-------- Data listing

(* Let $S$ be a real sequence (data sequence), let $Q=\{Q[1],\dots,Q[n]\}$ be a query sequence of length $n$, and let $S[i:j]$ be a subsequence of $S$ with $j-i+1=n$. Let $\epsilon\ge 0$, let $\omega\ge 1$ and $p\ge 1$ be integers with $p\omega\le n$. For $k=1,\dots,p$ define the query windows $\overline{q_k}=\overline{Q}[(k-1)\omega+1 : k\omega]$ (windows of the LD-sequence $\overline{Q}$) and the data windows $s_k=S[i+(k-1)\omega : i+k\omega-1]$, and let $\mathbb{S}_k$ be the set of all LD-windows of $s_k$, i.e. $\mathbb{S}_k=\{\overline{S_{\{i',j'\}}[a_k:b_k]} : S[i':j'] \text{ is a subsequence of } S \text{ containing } s_k=S[a_k:b_k]\}$. Let $T:\mathbb{R}^\omega\to\mathbb{R}^f$ be a lower-dimensional transformation satisfying $D(T(x),T(y))\le D(x,y)$ for all $x,y\in\mathbb{R}^\omega$. If $D(\overline{Q},\overline{S[i:j]})\le\epsilon$, then there exists $k\in\{1,\dots,p\}$ such that $$D\big(T(\overline{q_k}),\,\mathbb{M}(T(\mathbb{S}_k))\big)\le \epsilon/\sqrt{p}.$$
   Context: $D(X,Y)=\sqrt{\sum_{t}|X[t]-Y[t]|^2}$ is the Euclidean distance between sequences (or vectors) of equal length. $S[a:b]$ denotes the contiguous subsequence $S[a],S[a+1],\dots,S[b]$; a subsequence $S[i':j']$ contains $S[a:b]$ if $i'\le a\le b\le j'$. Trend line: for a sequence $X$ indexed by $k=1,\dots,m$, its trend line is the least-squares line $g(k)=\alpha k+\beta$ with $\alpha=\frac{m\sum_k kX[k]-\sum_k k\sum_k X[k]}{m\sum_k k^2-(\sum_k k)^2}$, $\beta=\frac{\sum_k X[k]}{m}-\alpha\frac{\sum_k k}{m}$. The LD-sequence (linear detrending sequence) of $X$ is $\overline{X}$ with $\overline{X}[k]=X[k]-g(k)$. For a subsequence $S[i':j']$, its trend line $g$ is the least-squares line fitted to the points $(k,S[k])$, $k=i',\dots,j'$ (equivalently, fitted after reindexing; the detrended values are the same), and $\overline{S[i':j']}$ is the corresponding LD-sequence. LD-window: if $S[a:b]$ is contained in $S[i':j']$ and $g$ is the trend line of $S[i':j']$, the LD-window of $S[a:b]$ against $S[i':j']$, denoted $\overline{S_{\{i',j'\}}[a:b]}$, is the window with entries $S[k]-g(k)$ for $k=a,\dots,b$. LD-MBR: for a set $\mathbb{S}$ of LD-windows of a window, $\mathbb{M}(T(\mathbb{S}))$ is the minimum axis-parallel bounding box in $\mathbb{R}^f$ containing all points $T(\overline{s})$, $\overline{s}\in\mathbb{S}$. The distance $D(x,\mathbb{M})$ between a point $x$ and a box $\mathbb{M}$ is $\min_{y\in\mathbb{M}}D(x,y)$. *)

theory Defs
  imports Complex_Main
begin

text \<open>Sequences/vectors of a given length are represented as real lists.
  Data sequence S is a function on indices 1..N (N = its length).\<close>

definition dist_l :: "real list \<Rightarrow> real list \<Rightarrow> real" where
  "dist_l x y = sqrt (\<Sum>t<length x. (x ! t - y ! t)^2)"

definition trend_alpha :: "real list \<Rightarrow> real" where
  "trend_alpha X = (let m = length X in
     (real m * (\<Sum>k=1..m. real k * X ! (k - 1)) - (\<Sum>k=1..m. real k) * (\<Sum>k=1..m. X ! (k - 1)))
     / (real m * (\<Sum>k=1..m. (real k)^2) - (\<Sum>k=1..m. real k)^2))"

definition trend_beta :: "real list \<Rightarrow> real" where
  "trend_beta X = (let m = length X in
     (\<Sum>k=1..m. X ! (k - 1)) / real m - trend_alpha X * (\<Sum>k=1..m. real k) / real m)"

definition LD :: "real list \<Rightarrow> real list" where
  "LD X = map (\<lambda>k. X ! (k - 1) - (trend_alpha X * real k + trend_beta X)) [1..<length X + 1]"

definition subseq :: "(nat \<Rightarrow> real) \<Rightarrow> nat \<Rightarrow> nat \<Rightarrow> real list" where
  "subseq S a b = map S [a..<b + 1]"

text \<open>LD-window of S[a:b] against S[i':j'] (trend line fitted on the reindexed
  subsequence S[i':j'], position k corresponds to reindexed k - i' + 1).\<close>
definition ld_window :: "(nat \<Rightarrow> real) \<Rightarrow> nat \<Rightarrow> nat \<Rightarrow> nat \<Rightarrow> nat \<Rightarrow> real list" where
  "ld_window S i' j' a b =
     (let X = subseq S i' j' in
      map (\<lambda>k. S k - (trend_alpha X * real (k - i' + 1) + trend_beta X)) [a..<b + 1])"

definition ld_windows :: "(nat \<Rightarrow> real) \<Rightarrow> nat \<Rightarrow> nat \<Rightarrow> nat \<Rightarrow> real list set" where
  "ld_windows S N a b = {ld_window S i' j' a b | i' j'. 1 \<le> i' \<and> i' \<le> a \<and> b \<le> j' \<and> j' \<le> N}"

definition MBR :: "nat \<Rightarrow> real list set \<Rightarrow> real list set" where
  "MBR f P = {y. length y = f \<and>
     (\<forall>d<f. (INF x\<in>P. x ! d) \<le> y ! d \<and> y ! d \<le> (SUP x\<in>P. x ! d))}"

definition dist_box :: "real list \<Rightarrow> real list set \<Rightarrow> real" where
  "dist_box x M = (INF y\<in>M. dist_l x y)"

end

theory Submission
  imports Defs
begin

text \<open>
  Split the first \<open>p\<omega>\<close> positions of the two LD-sequences \<open>LD Q\<close> and
  \<open>LD S[i:j]\<close> into \<open>p\<close> consecutive blocks of length \<open>\<omega>\<close>. The squared distance
  of the whole sequences bounds the sum of the \<open>p\<close> squared block distances,
  so by averaging some block \<open>k\<close> has distance at most \<open>\<epsilon>/\<surd>p\<close>.
  The \<open>k\<close>-th block of \<open>LD S[i:j]\<close> is the LD-window of the data window \<open>s\<^sub>k\<close>
  against the enclosing subsequence \<open>S[i:j]\<close>, hence a member of \<open>\<bbbS>\<^sub>k\<close>; its image
  under \<open>T\<close> lies in the bounding box \<open>\<bbbM>(T(\<bbbS>\<^sub>k))\<close>. Since \<open>T\<close> is contractive,
  the distance from \<open>T(q\<^sub>k)\<close> to the box is at most \<open>\<epsilon>/\<surd>p\<close>.
\<close>

definition block :: "nat \<Rightarrow> nat \<Rightarrow> 'a list \<Rightarrow> 'a list" where
  "block \<omega> m x = take \<omega> (drop (m * \<omega>) x)"

lemma dist_l_nonneg: "0 \<le> dist_l x y"
  by (simp add: dist_l_def sum_nonneg)

lemma dist_l_squared:
  "(dist_l x y)\<^sup>2 = (\<Sum>t<length x. (x ! t - y ! t)\<^sup>2)"
  by (simp add: dist_l_def sum_nonneg)

lemma dist_l_block_squared:
  assumes "(m + 1) * \<omega> \<le> length x" "length y = length x"
  shows "(dist_l (block \<omega> m x) (block \<omega> m y))\<^sup>2
         = (\<Sum>t\<in>{m * \<omega>..<m * \<omega> + \<omega>}. (x ! t - y ! t)\<^sup>2)"
proof -
  have "length (block \<omega> m x) = \<omega>"
    and "\<And>t. t < \<omega> \<Longrightarrow> block \<omega> m x ! t = x ! (m * \<omega> + t)"
    and "\<And>t. t < \<omega> \<Longrightarrow> block \<omega> m y ! t = y ! (m * \<omega> + t)"
    using assms by (auto simp: block_def)
  then have "(dist_l (block \<omega> m x) (block \<omega> m y))\<^sup>2 = (\<Sum>t<\<omega>. (x ! (m * \<omega> + t) - y ! (m * \<omega> + t))\<^sup>2)"
    by (simp add: dist_l_squared)
  also have "\<dots> = (\<Sum>t\<in>{m * \<omega>..<m * \<omega> + \<omega>}. (x ! t - y ! t)\<^sup>2)"
    using sum.shift_bounds_nat_ivl[of "\<lambda>t. (x ! t - y ! t)\<^sup>2" 0 "m * \<omega>" \<omega>]
    by (simp add: lessThan_atLeast0 add.commute)
  finally show ?thesis .
qed

lemma exists_le_average:
  fixes B :: "nat \<Rightarrow> real"
  assumes "p \<ge> 1"
  shows "\<exists>m<p. B m \<le> (\<Sum>m'<p. B m') / real p"
proof -
  have ne: "B ` {..<p} \<noteq> {}" using assms by (auto simp: lessThan_empty_iff)
  obtain m where m: "m < p" "B m = Min (B ` {..<p})"
    using Min_in[OF _ ne] by auto
  have "(\<Sum>m'<p. B m) \<le> (\<Sum>m'<p. B m')"
    using m by (intro sum_mono) simp
  with m assms show ?thesis
    by (intro exI[of _ m]) (simp add: field_simps)
qed

lemma exists_close_block:
  assumes "length y = length x" "p \<ge> 1" "p * \<omega> \<le> length x"
  shows "\<exists>m<p. dist_l (block \<omega> m x) (block \<omega> m y) \<le> dist_l x y / sqrt (real p)"
proof -
  define B where "B m = (dist_l (block \<omega> m x) (block \<omega> m y))\<^sup>2" for m
  have B_block: "B m = (\<Sum>t\<in>{m * \<omega>..<m * \<omega> + \<omega>}. (x ! t - y ! t)\<^sup>2)" if "m < p" for m
  proof -
    have "(m + 1) * \<omega> \<le> p * \<omega>" using that by (intro mult_le_mono1) simp
    then show ?thesis using assms unfolding B_def by (intro dist_l_block_squared) auto
  qed
  have "(\<Sum>m<p. B m) = (\<Sum>t<p * \<omega>. (x ! t - y ! t)\<^sup>2)"
    using B_block sum.nat_group[of "\<lambda>t. (x ! t - y ! t)\<^sup>2" \<omega> p] by simp
  also have "\<dots> \<le> (\<Sum>t<length x. (x ! t - y ! t)\<^sup>2)"
    using assms by (intro sum_mono2) auto
  also have "\<dots> = (dist_l x y)\<^sup>2" by (rule dist_l_squared[symmetric])
  finally have sum_B: "(\<Sum>m<p. B m) \<le> (dist_l x y)\<^sup>2" .
  obtain m where m: "m < p" "B m \<le> (\<Sum>m'<p. B m') / real p"
    using exists_le_average[OF assms(2)] by blast
  have "B m \<le> (dist_l x y / sqrt (real p))\<^sup>2"
    using m sum_B assms(2) by (simp add: power_divide divide_right_mono order_trans)
  then have "dist_l (block \<omega> m x) (block \<omega> m y) \<le> dist_l x y / sqrt (real p)"
    unfolding B_def by (rule power2_le_imp_le) (simp add: dist_l_nonneg)
  with m show ?thesis by blast
qed

lemma length_LD: "length (LD X) = length X"
  by (simp add: LD_def del: upt_Suc)

lemma nth_LD: "t < length X \<Longrightarrow> LD X ! t = X ! t - (trend_alpha X * real (t + 1) + trend_beta X)"
  by (simp add: LD_def del: upt_Suc)

lemma length_subseq: "a \<le> b \<Longrightarrow> length (subseq S a b) = b - a + 1"
  by (simp add: subseq_def del: upt_Suc)

text \<open>A block of the LD-sequence of \<open>S[i:j]\<close> is exactly the LD-window of the
  corresponding data window against \<open>S[i:j]\<close>: detrending the whole subsequence
  and then cutting equals cutting with the trend line of the whole subsequence.\<close>
lemma block_LD_subseq:
  assumes "i \<le> j" "(m + 1) * \<omega> \<le> j - i + 1" "\<omega> \<ge> 1"
  shows "block \<omega> m (LD (subseq S i j)) = ld_window S i j (i + m * \<omega>) (i + m * \<omega> + \<omega> - 1)"
proof (rule nth_equalityI)
  have len: "length (subseq S i j) = j - i + 1" using assms by (simp add: length_subseq)
  then show "length (block \<omega> m (LD (subseq S i j)))
             = length (ld_window S i j (i + m * \<omega>) (i + m * \<omega> + \<omega> - 1))"
    using assms by (simp add: block_def length_LD ld_window_def Let_def del: upt_Suc)
  fix t assume "t < length (block \<omega> m (LD (subseq S i j)))"
  then have t: "t < \<omega>" "m * \<omega> + t < j - i + 1" using len by (auto simp: block_def length_LD)
  have "subseq S i j ! (m * \<omega> + t) = S (i + m * \<omega> + t)"
    using t assms by (simp add: subseq_def add.assoc del: upt_Suc)
  then have "block \<omega> m (LD (subseq S i j)) ! t
        = S (i + m * \<omega> + t) - (trend_alpha (subseq S i j) * real (m * \<omega> + t + 1) + trend_beta (subseq S i j))"
    using t len by (simp add: block_def length_LD nth_LD)
  then show "block \<omega> m (LD (subseq S i j)) ! t
             = ld_window S i j (i + m * \<omega>) (i + m * \<omega> + \<omega> - 1) ! t"
    using t assms by (simp add: ld_window_def Let_def algebra_simps del: upt_Suc)
qed

text \<open>Only finitely many enclosing subsequences exist, so \<open>\<bbbS>\<^sub>k\<close> is finite.\<close>
lemma finite_ld_windows: "finite (ld_windows S N a b)"
proof -
  have "ld_windows S N a b \<subseteq> (\<lambda>(i', j'). ld_window S i' j' a b) ` ({1..a} \<times> {b..N})"
    unfolding ld_windows_def by auto
  then show ?thesis by (rule finite_subset) auto
qed

lemma mem_MBR:
  assumes "finite P" "x \<in> P" "length x = f"
  shows "x \<in> MBR f P"
  unfolding MBR_def
proof (intro CollectI conjI allI impI)
  fix d
  have "bdd_below ((\<lambda>x. x ! d) ` P)" "bdd_above ((\<lambda>x. x ! d) ` P)"
    using assms(1) by auto
  then show "(INF x\<in>P. x ! d) \<le> x ! d" "x ! d \<le> (SUP x\<in>P. x ! d)"
    using assms(2) by (auto intro: cINF_lower cSUP_upper)
qed (use assms(3) in simp)

lemma dist_box_le: "y \<in> M \<Longrightarrow> dist_box x M \<le> dist_l x y"
  unfolding dist_box_def
  by (rule cINF_lower) (auto intro: bdd_belowI[where m=0] simp: dist_l_nonneg)

theorem theorem1:
  fixes S :: "nat \<Rightarrow> real" and N :: nat
    and Q :: "real list" and n i j :: nat
    and \<epsilon> :: real and \<omega> p f :: nat
    and T :: "real list \<Rightarrow> real list"
  assumes "length Q = n"
    and "1 \<le> i" and "i \<le> j" and "j \<le> N" and "j - i + 1 = n"
    and "\<epsilon> \<ge> 0" and "\<omega> \<ge> 1" and "p \<ge> 1" and "p * \<omega> \<le> n"
    and "\<And>x. length x = \<omega> \<Longrightarrow> length (T x) = f"
    and "\<And>x y. length x = \<omega> \<Longrightarrow> length y = \<omega> \<Longrightarrow> dist_l (T x) (T y) \<le> dist_l x y"
    and "dist_l (LD Q) (LD (subseq S i j)) \<le> \<epsilon>"
  shows "\<exists>k\<in>{1..p}.
     dist_box (T (take \<omega> (drop ((k - 1) * \<omega>) (LD Q))))
       (MBR f (T ` ld_windows S N (i + (k - 1) * \<omega>) (i + k * \<omega> - 1)))
     \<le> \<epsilon> / sqrt (real p)"
proof -
  let ?L = "LD Q" and ?R = "LD (subseq S i j)"
  have len: "length ?L = n" "length ?R = n"
    using assms(1,3,5) by (simp_all add: length_LD length_subseq)
  obtain m where m: "m < p"
    and close: "dist_l (block \<omega> m ?L) (block \<omega> m ?R) \<le> dist_l ?L ?R / sqrt (real p)"
    using exists_close_block[of ?R ?L p \<omega>] len assms(8,9) by auto
  have inside: "(m + 1) * \<omega> \<le> n"
    using m assms(9) by (metis Suc_eq_plus1 Suc_leI le_trans mult_le_mono1)
  define a b where "a = i + m * \<omega>" and "b = i + (m + 1) * \<omega> - 1"
  have "block \<omega> m ?R = ld_window S i j a b"
    using block_LD_subseq[of i j m \<omega> S] assms(3,5,7) inside
    by (simp add: a_def b_def algebra_simps)
  moreover have "1 \<le> i" "i \<le> a" "b \<le> j" "j \<le> N"
    using assms(2-5) inside unfolding a_def b_def by linarith+
  ultimately have window: "block \<omega> m ?R \<in> ld_windows S N a b"
    unfolding ld_windows_def by blast
  have lengths: "length (block \<omega> m ?L) = \<omega>" "length (block \<omega> m ?R) = \<omega>"
    using inside len by (auto simp: block_def)
  have "T (block \<omega> m ?R) \<in> MBR f (T ` ld_windows S N a b)"
    using window lengths assms(10) by (intro mem_MBR) (auto simp: finite_ld_windows)
  then have "dist_box (T (block \<omega> m ?L)) (MBR f (T ` ld_windows S N a b))
             \<le> dist_l (T (block \<omega> m ?L)) (T (block \<omega> m ?R))"
    by (rule dist_box_le)
  also have "\<dots> \<le> dist_l (block \<omega> m ?L) (block \<omega> m ?R)"
    by (rule assms(11)[OF lengths])
  also have "\<dots> \<le> \<epsilon> / sqrt (real p)"
    by (rule order_trans[OF close divide_right_mono[OF assms(12)]]) simp
  finally have "dist_box (T (block \<omega> m ?L)) (MBR f (T ` ld_windows S N a b)) \<le> \<epsilon> / sqrt (real p)" .
  moreover have "m + 1 \<in> {1..p}" using m by simp
  ultimately show ?thesis
    unfolding block_def a_def b_def by (intro bexI[of _ "m + 1"]) simp_all
qed

end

----------------

### [Task goal]
Copy the lines of the data above exactly as written, beginning with the line containing "using assms(1,3,5) by" and ending with the line containing "using m assms(9)", and leave out all other lines.

### [Task answer]
    using assms(1,3,5) by (simp_all add: length_LD length_subseq)
  obtain m where m: "m < p"
    and close: "dist_l (block \<omega> m ?L) (block \<omega> m ?R) \<le> dist_l ?L ?R / sqrt (real p)"
    using exists_close_block[of ?R ?L p \<omega>] len assms(8,9) by auto
  have inside: "(m + 1) * \<omega> \<le> n"
    using m assms(9) by (metis Suc_eq_plus1 Suc_leI le_trans mult_le_mono1)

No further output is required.